Assignment — Starting from the first line below, count the lines carrying the string "noteq" and answer with the count by itself.

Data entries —
....
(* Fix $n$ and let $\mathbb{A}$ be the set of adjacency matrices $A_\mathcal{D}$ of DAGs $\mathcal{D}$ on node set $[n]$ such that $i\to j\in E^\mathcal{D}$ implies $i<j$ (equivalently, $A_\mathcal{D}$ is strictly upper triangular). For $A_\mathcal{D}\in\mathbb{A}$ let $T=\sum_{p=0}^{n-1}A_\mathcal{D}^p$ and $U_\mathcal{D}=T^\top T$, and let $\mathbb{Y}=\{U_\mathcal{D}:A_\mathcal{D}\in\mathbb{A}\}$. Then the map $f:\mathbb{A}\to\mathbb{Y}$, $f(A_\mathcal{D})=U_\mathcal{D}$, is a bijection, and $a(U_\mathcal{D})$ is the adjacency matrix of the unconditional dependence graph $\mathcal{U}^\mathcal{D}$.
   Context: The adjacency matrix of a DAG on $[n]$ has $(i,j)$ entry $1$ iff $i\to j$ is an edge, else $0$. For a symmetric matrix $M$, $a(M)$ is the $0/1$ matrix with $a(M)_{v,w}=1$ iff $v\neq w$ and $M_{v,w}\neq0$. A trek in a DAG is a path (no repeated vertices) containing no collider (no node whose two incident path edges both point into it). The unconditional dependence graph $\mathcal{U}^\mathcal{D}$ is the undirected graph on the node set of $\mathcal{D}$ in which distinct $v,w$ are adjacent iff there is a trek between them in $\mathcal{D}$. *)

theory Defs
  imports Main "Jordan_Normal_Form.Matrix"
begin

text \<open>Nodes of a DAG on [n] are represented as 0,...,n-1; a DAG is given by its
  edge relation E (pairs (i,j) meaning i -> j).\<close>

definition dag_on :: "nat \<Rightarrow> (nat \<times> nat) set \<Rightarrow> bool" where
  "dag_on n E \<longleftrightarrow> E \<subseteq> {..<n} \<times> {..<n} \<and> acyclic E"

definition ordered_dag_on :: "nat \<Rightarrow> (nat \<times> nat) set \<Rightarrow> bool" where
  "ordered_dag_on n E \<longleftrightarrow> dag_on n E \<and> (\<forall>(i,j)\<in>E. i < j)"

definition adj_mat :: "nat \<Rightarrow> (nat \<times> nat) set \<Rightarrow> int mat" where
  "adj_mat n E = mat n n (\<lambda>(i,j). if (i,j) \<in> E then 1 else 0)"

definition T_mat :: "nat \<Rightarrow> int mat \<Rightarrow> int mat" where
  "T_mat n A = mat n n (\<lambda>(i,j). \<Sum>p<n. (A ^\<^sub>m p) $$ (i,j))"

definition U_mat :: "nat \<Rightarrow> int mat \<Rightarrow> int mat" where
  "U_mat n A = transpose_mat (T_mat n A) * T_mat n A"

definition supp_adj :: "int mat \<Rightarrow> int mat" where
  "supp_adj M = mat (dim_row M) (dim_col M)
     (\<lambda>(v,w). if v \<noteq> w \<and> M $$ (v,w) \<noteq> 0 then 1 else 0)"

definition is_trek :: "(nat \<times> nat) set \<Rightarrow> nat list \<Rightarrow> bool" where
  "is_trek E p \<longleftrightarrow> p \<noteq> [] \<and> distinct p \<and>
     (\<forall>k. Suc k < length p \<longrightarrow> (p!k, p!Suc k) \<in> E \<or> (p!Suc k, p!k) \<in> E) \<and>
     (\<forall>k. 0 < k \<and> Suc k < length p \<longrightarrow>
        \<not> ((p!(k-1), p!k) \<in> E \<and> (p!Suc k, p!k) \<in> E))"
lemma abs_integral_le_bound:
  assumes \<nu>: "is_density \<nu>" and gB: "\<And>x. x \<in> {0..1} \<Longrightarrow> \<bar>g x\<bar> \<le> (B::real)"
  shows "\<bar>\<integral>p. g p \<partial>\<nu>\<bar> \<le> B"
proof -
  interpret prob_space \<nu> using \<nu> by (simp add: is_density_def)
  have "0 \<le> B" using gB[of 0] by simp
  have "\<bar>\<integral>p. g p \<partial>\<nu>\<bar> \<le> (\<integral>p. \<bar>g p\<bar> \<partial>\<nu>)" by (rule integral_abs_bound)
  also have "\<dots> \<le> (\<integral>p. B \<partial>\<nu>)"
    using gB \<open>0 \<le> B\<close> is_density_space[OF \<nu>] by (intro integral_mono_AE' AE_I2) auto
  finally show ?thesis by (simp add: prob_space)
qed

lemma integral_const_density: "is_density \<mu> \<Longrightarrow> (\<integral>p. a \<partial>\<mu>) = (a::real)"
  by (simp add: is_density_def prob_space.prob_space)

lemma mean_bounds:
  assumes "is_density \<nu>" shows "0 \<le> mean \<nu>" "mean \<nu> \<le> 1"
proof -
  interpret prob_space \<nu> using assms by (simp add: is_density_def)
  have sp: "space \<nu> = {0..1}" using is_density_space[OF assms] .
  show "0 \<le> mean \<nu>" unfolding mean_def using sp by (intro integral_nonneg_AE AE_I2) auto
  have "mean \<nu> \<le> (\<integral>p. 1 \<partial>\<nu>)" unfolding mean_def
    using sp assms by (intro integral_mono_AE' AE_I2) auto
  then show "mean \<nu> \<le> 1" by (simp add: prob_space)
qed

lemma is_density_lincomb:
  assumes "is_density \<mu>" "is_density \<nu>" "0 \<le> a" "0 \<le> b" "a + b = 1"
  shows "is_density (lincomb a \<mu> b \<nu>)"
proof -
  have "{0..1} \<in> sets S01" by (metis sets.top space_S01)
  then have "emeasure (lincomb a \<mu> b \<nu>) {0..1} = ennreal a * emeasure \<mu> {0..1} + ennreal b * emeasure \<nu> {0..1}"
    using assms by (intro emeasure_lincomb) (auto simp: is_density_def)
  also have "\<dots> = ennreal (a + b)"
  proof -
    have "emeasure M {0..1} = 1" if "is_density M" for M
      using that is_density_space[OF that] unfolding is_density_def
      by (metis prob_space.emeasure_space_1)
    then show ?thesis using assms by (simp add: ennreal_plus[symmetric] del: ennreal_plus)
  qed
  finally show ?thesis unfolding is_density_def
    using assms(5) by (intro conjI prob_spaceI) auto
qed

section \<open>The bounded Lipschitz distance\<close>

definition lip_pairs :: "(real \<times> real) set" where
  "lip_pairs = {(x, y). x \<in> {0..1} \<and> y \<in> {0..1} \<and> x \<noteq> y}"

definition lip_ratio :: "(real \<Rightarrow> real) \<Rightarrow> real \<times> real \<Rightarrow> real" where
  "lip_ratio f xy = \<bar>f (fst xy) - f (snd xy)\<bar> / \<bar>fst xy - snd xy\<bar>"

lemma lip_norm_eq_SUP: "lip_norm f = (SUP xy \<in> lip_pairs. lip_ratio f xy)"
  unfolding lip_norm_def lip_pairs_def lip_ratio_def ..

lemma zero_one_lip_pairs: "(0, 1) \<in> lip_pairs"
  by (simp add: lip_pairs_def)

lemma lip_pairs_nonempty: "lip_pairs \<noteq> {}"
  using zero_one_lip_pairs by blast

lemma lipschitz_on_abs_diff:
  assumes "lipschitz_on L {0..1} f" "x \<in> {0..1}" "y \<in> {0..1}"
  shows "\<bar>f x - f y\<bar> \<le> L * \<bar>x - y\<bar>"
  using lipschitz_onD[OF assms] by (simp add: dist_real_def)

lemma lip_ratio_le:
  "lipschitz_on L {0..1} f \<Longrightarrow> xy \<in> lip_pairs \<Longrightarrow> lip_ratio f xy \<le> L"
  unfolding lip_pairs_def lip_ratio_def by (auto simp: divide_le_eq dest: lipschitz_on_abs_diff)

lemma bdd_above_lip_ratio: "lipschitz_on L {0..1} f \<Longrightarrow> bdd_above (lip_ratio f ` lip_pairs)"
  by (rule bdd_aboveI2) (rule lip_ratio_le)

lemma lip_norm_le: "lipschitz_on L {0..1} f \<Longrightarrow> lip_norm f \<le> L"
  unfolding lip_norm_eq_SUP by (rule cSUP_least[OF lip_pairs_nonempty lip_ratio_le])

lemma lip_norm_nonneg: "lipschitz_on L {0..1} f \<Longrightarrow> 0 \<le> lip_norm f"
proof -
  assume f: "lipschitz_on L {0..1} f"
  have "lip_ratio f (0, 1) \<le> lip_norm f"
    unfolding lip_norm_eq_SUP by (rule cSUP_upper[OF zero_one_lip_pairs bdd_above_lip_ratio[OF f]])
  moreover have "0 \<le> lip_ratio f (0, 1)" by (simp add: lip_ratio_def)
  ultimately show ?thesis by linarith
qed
....
Response below — 4